_Prompt:_
Reproduce the entries shown below only from the line with "0 then ennreal" down to the line with "perspective provides the", keeping both end lines and copying each one exactly.

Dataset entries:

════════════════════

(* Let $G\in\Gamma_0(\mathbb{R}_+)$ and let $H=H_G$ be its marginal perspective function; assume $H$ is finite on $[0,\infty)^2$ and $H(u,1)>0$ for all $u\in[0,1)$. Let $a\in(0,1]$. If the function $$h(u):=\frac{(1-u^a)^{1/a}}{H(u,1)}$$ is decreasing on $[0,1)$, then $H^a$ satisfies the triangle inequality on $[0,+\infty)$, i.e. $H^a(x,z)\le H^a(x,y)+H^a(y,z)$ for all $x,y,z\ge 0$.
   Context: $\Gamma_0(\mathbb{R}_+)$ is the set of functions $F:[0,\infty)\to[0,\infty]$ that are convex, lower semicontinuous, with $F(1)=0$. For $F\in\Gamma_0(\mathbb{R}_+)$: the recession function is $\mathrm{rec}(F)(r)=\lim_{\alpha\to\infty}F(1+\alpha r)/\alpha$; the perspective function is $\hat F(r,t)=tF(r/t)$ for $t>0$ and $\hat F(r,0)=\mathrm{rec}(F)(r)$. The marginal perspective function $H_F:[0,\infty)^2\to[0,\infty]$ is the lower semicontinuous envelope of $\tilde H_F(r_1,r_2)=\inf_{\theta>0}[\hat F(\theta,r_1)+\hat F(\theta,r_2)]$; it is symmetric, jointly convex, positively $1$-homogeneous and vanishes on the diagonal. "Decreasing" means non-increasing. *)

theory Defs
  imports "HOL-Analysis.Analysis" "HOL-Library.Extended_Nonnegative_Real"
begin

text \<open>Functions F : [0,\<infinity>) \<rightarrow> [0,\<infinity>] are modelled as real \<Rightarrow> ennreal; only the values on
  [0,\<infinity>) matter.\<close>

definition convex_on_nonneg :: "(real \<Rightarrow> ennreal) \<Rightarrow> bool" where
  "convex_on_nonneg F \<longleftrightarrow>
     (\<forall>x\<ge>0. \<forall>y\<ge>0. \<forall>t\<in>{0..1}.
        F ((1 - t) * x + t * y) \<le> ennreal (1 - t) * F x + ennreal t * F y)"

definition lsc_within :: "'a::topological_space set \<Rightarrow> ('a \<Rightarrow> ennreal) \<Rightarrow> bool" where
  "lsc_within D g \<longleftrightarrow> (\<forall>p\<in>D. g p \<le> Liminf (at p within D) g)"

definition Gamma0 :: "(real \<Rightarrow> ennreal) set" where
  "Gamma0 = {F. convex_on_nonneg F \<and> lsc_within {0..} F \<and> F 1 = 0}"

definition recession :: "(real \<Rightarrow> ennreal) \<Rightarrow> real \<Rightarrow> ennreal" where
  "recession F r = Lim at_top (\<lambda>\<alpha>::real. F (1 + \<alpha> * r) / ennreal \<alpha>)"

definition perspective :: "(real \<Rightarrow> ennreal) \<Rightarrow> real \<Rightarrow> real \<Rightarrow> ennreal" where
  "perspective F r t = (if t > 0 then ennreal t * F (r / t) else recession F r)"

definition marg_persp_pre :: "(real \<Rightarrow> ennreal) \<Rightarrow> real \<times> real \<Rightarrow> ennreal" where
  "marg_persp_pre F p =
     (INF \<theta>\<in>{0<..}. perspective F \<theta> (fst p) + perspective F \<theta> (snd p))"

definition quadrant :: "(real \<times> real) set" where
  "quadrant = {0..} \<times> {0..}"

definition marg_persp :: "(real \<Rightarrow> ennreal) \<Rightarrow> real \<Rightarrow> real \<Rightarrow> ennreal" where
  "marg_persp F r1 r2 =
     (SUP g\<in>{g. lsc_within quadrant g \<and> (\<forall>q\<in>quadrant. g q \<le> marg_persp_pre F q)}. g (r1, r2))"

end

theory Submission
  imports Defs
begin

text \<open>The marginal perspective function \<open>H\<close> is the lower semicontinuous envelope of its
  pre-envelope, and an inequality \<open>k * f (T q) \<le> f q\<close> along a continuous self-map \<open>T\<close> of the
  quadrant passes from a function to its envelope. Applied to the swap, to dilations and to the maps
  \<open>(r\<^sub>1, r\<^sub>2) \<mapsto> ((1 - l) r\<^sub>1 + l r\<^sub>2, r\<^sub>2)\<close>, for which convexity of the perspective provides the
  pre-envelope inequality, this shows that \<open>H\<close> is symmetric, positively homogeneous and that
  \<open>H(\<cdot>, 1)\<close> is nonincreasing on \<open>[0, 1]\<close>. By homogeneity and symmetry the triangle inequality
  for \<open>H\<^sup>a\<close> reduces to \<open>H(x,1)\<^sup>a \<le> H(x,y)\<^sup>a + H(y,1)\<^sup>a\<close> for \<open>0 \<le> x \<le> 1\<close>. Monotonicity settles this
  unless \<open>x < y < 1\<close>; there the decrease of \<open>h\<close>, raised to the power \<open>a\<close>, gives
  \<open>H(x,1)\<^sup>a (1 - v\<^sup>a) \<le> H(v,1)\<^sup>a (1 - x\<^sup>a)\<close> for \<open>x \<le> v < 1\<close>.\<close>

section \<open>Lower semicontinuous envelopes\<close>

definition lsc_envelope :: "'a::topological_space set \<Rightarrow> ('a \<Rightarrow> ennreal) \<Rightarrow> 'a \<Rightarrow> ennreal" where
  "lsc_envelope D f p = (SUP g\<in>{g. lsc_within D g \<and> (\<forall>q\<in>D. g q \<le> f q)}. g p)"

════════════════════

_Result for this exercise:_
  "perspective F r t = (if t > 0 then ennreal t * F (r / t) else recession F r)"

definition marg_persp_pre :: "(real \<Rightarrow> ennreal) \<Rightarrow> real \<times> real \<Rightarrow> ennreal" where
  "marg_persp_pre F p =
     (INF \<theta>\<in>{0<..}. perspective F \<theta> (fst p) + perspective F \<theta> (snd p))"

definition quadrant :: "(real \<times> real) set" where
  "quadrant = {0..} \<times> {0..}"

definition marg_persp :: "(real \<Rightarrow> ennreal) \<Rightarrow> real \<Rightarrow> real \<Rightarrow> ennreal" where
  "marg_persp F r1 r2 =
     (SUP g\<in>{g. lsc_within quadrant g \<and> (\<forall>q\<in>quadrant. g q \<le> marg_persp_pre F q)}. g (r1, r2))"

end

theory Submission
  imports Defs
begin

text \<open>The marginal perspective function \<open>H\<close> is the lower semicontinuous envelope of its
  pre-envelope, and an inequality \<open>k * f (T q) \<le> f q\<close> along a continuous self-map \<open>T\<close> of the
  quadrant passes from a function to its envelope. Applied to the swap, to dilations and to the maps
  \<open>(r\<^sub>1, r\<^sub>2) \<mapsto> ((1 - l) r\<^sub>1 + l r\<^sub>2, r\<^sub>2)\<close>, for which convexity of the perspective provides the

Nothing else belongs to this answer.